Recorded data
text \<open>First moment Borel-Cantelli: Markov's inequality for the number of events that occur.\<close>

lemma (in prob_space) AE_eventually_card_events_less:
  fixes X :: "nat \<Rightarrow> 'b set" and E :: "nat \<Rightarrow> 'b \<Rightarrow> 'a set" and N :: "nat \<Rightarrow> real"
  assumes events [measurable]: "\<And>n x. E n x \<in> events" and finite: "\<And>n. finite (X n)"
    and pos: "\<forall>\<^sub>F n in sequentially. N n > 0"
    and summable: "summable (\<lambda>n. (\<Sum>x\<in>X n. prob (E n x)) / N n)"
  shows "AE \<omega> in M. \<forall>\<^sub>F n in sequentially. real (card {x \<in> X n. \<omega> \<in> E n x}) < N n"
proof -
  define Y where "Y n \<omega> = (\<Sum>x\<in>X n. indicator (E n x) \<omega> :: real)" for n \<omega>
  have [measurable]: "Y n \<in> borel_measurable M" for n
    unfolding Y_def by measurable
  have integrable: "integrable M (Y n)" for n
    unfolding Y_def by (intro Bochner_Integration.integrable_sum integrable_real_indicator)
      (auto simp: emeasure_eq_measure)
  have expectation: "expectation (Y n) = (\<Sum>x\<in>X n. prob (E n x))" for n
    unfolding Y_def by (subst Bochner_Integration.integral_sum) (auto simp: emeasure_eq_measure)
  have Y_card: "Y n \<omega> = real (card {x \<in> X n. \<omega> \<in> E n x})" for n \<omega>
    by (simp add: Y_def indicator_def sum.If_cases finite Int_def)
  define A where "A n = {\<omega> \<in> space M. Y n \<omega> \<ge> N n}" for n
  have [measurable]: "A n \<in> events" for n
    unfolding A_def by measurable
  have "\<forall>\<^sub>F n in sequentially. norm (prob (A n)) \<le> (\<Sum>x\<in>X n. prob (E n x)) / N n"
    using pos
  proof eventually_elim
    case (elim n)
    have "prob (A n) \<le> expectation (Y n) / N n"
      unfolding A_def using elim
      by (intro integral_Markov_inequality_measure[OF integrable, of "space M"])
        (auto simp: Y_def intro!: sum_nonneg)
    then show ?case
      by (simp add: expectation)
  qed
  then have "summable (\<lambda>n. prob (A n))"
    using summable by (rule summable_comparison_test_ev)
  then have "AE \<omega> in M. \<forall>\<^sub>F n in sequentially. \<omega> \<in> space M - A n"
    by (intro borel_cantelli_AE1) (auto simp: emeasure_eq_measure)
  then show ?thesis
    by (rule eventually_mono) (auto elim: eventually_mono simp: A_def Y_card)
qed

==

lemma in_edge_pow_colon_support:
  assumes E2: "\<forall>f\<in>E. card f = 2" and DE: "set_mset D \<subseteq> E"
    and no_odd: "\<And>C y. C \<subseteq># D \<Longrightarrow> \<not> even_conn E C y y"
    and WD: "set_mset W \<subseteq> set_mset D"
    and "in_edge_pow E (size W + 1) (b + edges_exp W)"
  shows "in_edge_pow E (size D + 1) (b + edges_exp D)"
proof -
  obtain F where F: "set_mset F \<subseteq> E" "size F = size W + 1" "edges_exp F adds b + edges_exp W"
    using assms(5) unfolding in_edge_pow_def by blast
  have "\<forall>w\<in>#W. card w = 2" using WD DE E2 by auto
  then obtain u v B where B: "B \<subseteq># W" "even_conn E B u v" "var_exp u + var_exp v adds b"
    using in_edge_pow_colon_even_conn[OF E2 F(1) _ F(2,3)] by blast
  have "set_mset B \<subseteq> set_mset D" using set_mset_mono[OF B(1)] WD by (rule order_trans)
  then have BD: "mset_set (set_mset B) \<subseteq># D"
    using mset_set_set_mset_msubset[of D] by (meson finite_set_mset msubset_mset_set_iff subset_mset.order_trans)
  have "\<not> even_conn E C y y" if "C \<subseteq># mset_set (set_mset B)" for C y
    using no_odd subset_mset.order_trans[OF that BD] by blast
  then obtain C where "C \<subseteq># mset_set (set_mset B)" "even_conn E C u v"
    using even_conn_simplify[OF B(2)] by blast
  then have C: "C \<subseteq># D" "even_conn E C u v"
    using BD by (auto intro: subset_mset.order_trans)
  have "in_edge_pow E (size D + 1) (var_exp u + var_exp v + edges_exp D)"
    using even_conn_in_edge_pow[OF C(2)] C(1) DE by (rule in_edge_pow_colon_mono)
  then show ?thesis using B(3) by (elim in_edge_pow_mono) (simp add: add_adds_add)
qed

--- Task instructions ---
Beginning at the line with "(\<lambda>n. (\<Sum>x\<in>X n." and ending at the line with "by (simp add: Y_def", reproduce each line of the data above exactly, and add no other lines.

--- Response to this task ---
    and summable: "summable (\<lambda>n. (\<Sum>x\<in>X n. prob (E n x)) / N n)"
  shows "AE \<omega> in M. \<forall>\<^sub>F n in sequentially. real (card {x \<in> X n. \<omega> \<in> E n x}) < N n"
proof -
  define Y where "Y n \<omega> = (\<Sum>x\<in>X n. indicator (E n x) \<omega> :: real)" for n \<omega>
  have [measurable]: "Y n \<in> borel_measurable M" for n
    unfolding Y_def by measurable
  have integrable: "integrable M (Y n)" for n
    unfolding Y_def by (intro Bochner_Integration.integrable_sum integrable_real_indicator)
      (auto simp: emeasure_eq_measure)
  have expectation: "expectation (Y n) = (\<Sum>x\<in>X n. prob (E n x))" for n
    unfolding Y_def by (subst Bochner_Integration.integral_sum) (auto simp: emeasure_eq_measure)
  have Y_card: "Y n \<omega> = real (card {x \<in> X n. \<omega> \<in> E n x})" for n \<omega>
    by (simp add: Y_def indicator_def sum.If_cases finite Int_def)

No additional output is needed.